Task to complete:
Which lines of the entries below run from the one holding "(\<forall>x. integrable Q (\<lambda>r. C" to the one holding "C \<alpha> \<longleftrightarrow>", inclusive? Set down exactly those lines and no others.

Provided records:
####################

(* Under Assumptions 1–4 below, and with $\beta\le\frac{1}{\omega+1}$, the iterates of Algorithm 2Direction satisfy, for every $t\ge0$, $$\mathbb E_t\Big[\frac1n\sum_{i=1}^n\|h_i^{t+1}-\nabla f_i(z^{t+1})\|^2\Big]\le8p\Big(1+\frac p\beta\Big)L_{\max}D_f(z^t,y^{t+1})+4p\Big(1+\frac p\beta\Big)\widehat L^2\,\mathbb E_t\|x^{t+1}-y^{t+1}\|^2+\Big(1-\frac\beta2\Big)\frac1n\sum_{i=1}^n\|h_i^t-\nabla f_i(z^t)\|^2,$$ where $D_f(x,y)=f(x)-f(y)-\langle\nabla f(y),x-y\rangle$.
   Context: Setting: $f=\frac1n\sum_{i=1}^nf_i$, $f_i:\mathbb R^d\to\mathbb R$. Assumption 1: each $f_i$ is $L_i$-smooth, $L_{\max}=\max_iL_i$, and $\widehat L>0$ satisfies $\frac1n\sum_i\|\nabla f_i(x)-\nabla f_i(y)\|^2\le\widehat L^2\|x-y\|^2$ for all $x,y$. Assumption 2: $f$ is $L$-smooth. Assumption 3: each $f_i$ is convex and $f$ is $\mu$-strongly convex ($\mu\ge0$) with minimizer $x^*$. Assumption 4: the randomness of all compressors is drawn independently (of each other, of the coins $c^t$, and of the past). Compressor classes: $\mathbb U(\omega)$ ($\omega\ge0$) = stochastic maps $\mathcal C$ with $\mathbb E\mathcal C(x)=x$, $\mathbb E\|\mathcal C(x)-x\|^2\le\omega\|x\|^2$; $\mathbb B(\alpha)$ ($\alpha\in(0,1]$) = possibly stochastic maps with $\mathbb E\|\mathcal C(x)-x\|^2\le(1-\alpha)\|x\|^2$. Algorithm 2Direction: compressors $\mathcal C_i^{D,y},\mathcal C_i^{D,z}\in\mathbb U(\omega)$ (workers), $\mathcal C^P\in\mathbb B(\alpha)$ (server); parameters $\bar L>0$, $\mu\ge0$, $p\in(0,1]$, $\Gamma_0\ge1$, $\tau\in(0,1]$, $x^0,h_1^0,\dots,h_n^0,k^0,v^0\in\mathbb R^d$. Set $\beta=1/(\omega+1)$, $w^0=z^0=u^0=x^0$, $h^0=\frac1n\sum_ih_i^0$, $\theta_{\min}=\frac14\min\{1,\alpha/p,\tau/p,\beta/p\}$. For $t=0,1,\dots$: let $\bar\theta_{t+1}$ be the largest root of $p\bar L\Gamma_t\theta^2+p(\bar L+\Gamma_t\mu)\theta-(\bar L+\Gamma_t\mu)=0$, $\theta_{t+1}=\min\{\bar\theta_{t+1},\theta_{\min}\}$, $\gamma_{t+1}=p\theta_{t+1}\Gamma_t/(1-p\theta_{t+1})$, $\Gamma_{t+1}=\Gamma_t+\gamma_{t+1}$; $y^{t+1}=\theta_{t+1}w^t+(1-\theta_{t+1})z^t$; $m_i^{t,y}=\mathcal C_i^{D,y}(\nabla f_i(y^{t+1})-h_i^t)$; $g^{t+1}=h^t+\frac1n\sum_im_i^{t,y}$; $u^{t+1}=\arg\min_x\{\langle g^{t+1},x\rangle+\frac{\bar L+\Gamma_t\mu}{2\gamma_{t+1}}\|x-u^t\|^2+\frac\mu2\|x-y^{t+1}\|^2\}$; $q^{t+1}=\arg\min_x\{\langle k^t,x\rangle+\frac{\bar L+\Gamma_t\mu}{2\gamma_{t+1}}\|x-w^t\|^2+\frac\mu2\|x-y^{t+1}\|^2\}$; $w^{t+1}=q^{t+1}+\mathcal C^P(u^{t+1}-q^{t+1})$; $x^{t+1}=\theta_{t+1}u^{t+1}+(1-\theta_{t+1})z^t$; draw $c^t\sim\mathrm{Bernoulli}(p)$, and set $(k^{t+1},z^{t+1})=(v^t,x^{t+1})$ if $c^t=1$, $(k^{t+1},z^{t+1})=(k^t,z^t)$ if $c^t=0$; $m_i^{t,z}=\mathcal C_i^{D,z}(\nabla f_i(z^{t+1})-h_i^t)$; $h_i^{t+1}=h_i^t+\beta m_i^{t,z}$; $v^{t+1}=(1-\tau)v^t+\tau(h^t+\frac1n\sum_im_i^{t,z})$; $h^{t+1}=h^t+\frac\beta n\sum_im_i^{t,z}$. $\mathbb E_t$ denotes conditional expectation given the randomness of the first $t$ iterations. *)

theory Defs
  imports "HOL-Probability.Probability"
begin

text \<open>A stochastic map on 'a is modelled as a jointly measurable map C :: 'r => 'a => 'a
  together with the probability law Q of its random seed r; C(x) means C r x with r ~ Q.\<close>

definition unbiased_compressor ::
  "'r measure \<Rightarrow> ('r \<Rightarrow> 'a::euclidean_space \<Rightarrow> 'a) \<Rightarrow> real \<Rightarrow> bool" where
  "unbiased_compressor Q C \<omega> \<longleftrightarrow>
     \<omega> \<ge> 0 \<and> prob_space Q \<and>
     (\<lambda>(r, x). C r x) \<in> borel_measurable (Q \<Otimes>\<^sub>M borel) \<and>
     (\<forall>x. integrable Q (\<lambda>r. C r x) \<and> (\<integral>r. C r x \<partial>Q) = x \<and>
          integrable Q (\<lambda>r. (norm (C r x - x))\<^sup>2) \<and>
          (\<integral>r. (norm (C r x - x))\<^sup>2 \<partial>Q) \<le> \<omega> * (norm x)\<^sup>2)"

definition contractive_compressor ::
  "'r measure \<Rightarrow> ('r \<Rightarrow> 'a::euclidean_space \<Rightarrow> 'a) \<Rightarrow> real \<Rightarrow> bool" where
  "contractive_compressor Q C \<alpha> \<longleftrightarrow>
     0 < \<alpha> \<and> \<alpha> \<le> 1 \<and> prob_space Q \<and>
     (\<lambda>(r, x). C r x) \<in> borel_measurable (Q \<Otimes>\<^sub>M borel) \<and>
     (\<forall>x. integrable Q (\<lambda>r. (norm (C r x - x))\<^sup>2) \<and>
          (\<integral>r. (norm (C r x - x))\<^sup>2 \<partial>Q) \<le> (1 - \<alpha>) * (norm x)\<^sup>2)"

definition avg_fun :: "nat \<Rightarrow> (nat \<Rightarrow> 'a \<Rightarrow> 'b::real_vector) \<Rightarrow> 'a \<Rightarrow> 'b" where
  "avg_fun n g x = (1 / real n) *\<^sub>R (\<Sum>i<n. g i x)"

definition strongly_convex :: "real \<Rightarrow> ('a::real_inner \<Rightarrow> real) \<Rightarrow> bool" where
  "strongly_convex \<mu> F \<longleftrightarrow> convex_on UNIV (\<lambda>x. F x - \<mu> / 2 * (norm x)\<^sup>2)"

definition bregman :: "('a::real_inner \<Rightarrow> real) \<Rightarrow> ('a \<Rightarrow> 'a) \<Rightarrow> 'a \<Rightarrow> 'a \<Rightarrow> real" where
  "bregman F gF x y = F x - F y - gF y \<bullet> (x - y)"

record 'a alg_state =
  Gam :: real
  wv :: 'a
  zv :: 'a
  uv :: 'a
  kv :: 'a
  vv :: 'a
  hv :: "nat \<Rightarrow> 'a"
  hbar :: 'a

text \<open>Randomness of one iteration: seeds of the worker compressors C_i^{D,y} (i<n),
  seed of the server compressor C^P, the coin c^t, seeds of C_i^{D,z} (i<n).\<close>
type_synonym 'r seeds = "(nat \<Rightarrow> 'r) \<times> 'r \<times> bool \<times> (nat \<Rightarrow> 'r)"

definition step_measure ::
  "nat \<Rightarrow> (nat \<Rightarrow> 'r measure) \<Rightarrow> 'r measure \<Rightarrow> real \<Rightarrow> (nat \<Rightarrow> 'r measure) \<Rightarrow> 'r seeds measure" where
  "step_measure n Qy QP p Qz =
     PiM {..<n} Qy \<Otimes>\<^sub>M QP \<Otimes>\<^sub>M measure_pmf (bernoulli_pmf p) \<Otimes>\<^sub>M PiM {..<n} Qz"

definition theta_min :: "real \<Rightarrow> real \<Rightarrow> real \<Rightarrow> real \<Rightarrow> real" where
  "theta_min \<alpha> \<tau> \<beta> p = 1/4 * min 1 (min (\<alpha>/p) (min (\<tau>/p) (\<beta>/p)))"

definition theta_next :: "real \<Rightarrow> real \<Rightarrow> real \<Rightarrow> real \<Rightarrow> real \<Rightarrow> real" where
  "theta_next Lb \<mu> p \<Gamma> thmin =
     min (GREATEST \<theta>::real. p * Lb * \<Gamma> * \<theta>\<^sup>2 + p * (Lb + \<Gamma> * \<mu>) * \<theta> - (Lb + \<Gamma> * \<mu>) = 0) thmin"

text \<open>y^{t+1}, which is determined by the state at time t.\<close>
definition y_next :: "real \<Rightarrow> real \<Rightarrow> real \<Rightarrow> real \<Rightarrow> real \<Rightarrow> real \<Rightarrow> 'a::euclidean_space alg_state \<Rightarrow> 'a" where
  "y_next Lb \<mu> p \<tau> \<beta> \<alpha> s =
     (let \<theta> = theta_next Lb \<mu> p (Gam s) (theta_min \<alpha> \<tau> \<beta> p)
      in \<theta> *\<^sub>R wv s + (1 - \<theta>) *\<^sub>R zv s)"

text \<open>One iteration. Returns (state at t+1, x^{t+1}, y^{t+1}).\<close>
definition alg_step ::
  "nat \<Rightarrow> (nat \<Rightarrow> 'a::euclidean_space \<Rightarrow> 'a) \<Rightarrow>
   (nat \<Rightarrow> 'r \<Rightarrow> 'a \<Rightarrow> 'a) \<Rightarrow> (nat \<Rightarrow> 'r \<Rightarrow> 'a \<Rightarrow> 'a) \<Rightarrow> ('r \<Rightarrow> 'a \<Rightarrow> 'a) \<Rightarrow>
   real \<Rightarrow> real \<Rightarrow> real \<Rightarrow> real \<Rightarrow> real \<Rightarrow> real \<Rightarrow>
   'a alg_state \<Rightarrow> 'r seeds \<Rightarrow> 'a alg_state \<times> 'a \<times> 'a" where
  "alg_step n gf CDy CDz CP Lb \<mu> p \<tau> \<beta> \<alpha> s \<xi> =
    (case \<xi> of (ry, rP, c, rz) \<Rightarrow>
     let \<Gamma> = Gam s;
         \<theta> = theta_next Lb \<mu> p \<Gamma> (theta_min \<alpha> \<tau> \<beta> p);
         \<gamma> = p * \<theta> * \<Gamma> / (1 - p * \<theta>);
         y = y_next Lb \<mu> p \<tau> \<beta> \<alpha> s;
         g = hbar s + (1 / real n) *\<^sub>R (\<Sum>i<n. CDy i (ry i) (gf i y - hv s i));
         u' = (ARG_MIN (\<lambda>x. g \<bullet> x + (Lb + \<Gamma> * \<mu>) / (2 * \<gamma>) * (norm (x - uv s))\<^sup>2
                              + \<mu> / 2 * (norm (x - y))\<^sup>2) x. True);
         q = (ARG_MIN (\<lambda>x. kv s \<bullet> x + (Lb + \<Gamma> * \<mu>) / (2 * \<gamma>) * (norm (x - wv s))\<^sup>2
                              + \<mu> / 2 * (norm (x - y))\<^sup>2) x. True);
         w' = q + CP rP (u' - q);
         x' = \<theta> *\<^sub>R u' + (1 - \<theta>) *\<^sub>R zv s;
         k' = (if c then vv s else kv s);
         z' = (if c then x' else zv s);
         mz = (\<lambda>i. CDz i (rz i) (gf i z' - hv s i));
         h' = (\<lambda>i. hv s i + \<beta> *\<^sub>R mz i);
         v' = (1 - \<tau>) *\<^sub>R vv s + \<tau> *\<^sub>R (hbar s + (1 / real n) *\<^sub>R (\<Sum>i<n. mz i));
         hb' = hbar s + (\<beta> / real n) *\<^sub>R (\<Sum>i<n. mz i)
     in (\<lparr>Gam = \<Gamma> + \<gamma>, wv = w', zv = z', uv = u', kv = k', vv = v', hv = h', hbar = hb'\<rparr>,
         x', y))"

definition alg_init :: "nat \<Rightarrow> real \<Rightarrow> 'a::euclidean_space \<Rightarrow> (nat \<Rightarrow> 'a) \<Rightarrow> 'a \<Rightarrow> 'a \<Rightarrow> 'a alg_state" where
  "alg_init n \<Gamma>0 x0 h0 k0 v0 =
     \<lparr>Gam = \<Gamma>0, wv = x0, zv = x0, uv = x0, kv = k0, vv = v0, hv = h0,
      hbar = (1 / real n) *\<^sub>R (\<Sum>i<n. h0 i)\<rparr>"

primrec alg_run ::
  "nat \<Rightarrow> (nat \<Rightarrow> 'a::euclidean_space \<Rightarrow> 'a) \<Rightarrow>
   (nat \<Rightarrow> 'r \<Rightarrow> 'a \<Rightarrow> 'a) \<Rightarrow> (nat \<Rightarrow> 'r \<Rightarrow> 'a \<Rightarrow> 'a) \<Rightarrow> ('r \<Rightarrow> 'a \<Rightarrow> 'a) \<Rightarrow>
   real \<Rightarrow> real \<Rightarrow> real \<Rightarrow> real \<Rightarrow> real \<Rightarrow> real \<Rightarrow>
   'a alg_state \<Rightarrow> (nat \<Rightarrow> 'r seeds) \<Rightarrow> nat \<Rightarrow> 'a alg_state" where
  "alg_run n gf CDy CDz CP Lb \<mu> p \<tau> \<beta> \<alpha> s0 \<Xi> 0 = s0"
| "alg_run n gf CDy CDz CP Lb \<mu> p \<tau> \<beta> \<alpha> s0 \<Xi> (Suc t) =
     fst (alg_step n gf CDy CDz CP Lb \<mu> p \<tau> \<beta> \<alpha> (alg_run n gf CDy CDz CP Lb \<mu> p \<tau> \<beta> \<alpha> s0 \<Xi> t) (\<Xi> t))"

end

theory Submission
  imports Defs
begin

####################

Answer for this exercise:
     (\<forall>x. integrable Q (\<lambda>r. C r x) \<and> (\<integral>r. C r x \<partial>Q) = x \<and>
          integrable Q (\<lambda>r. (norm (C r x - x))\<^sup>2) \<and>
          (\<integral>r. (norm (C r x - x))\<^sup>2 \<partial>Q) \<le> \<omega> * (norm x)\<^sup>2)"

definition contractive_compressor ::
  "'r measure \<Rightarrow> ('r \<Rightarrow> 'a::euclidean_space \<Rightarrow> 'a) \<Rightarrow> real \<Rightarrow> bool" where
  "contractive_compressor Q C \<alpha> \<longleftrightarrow>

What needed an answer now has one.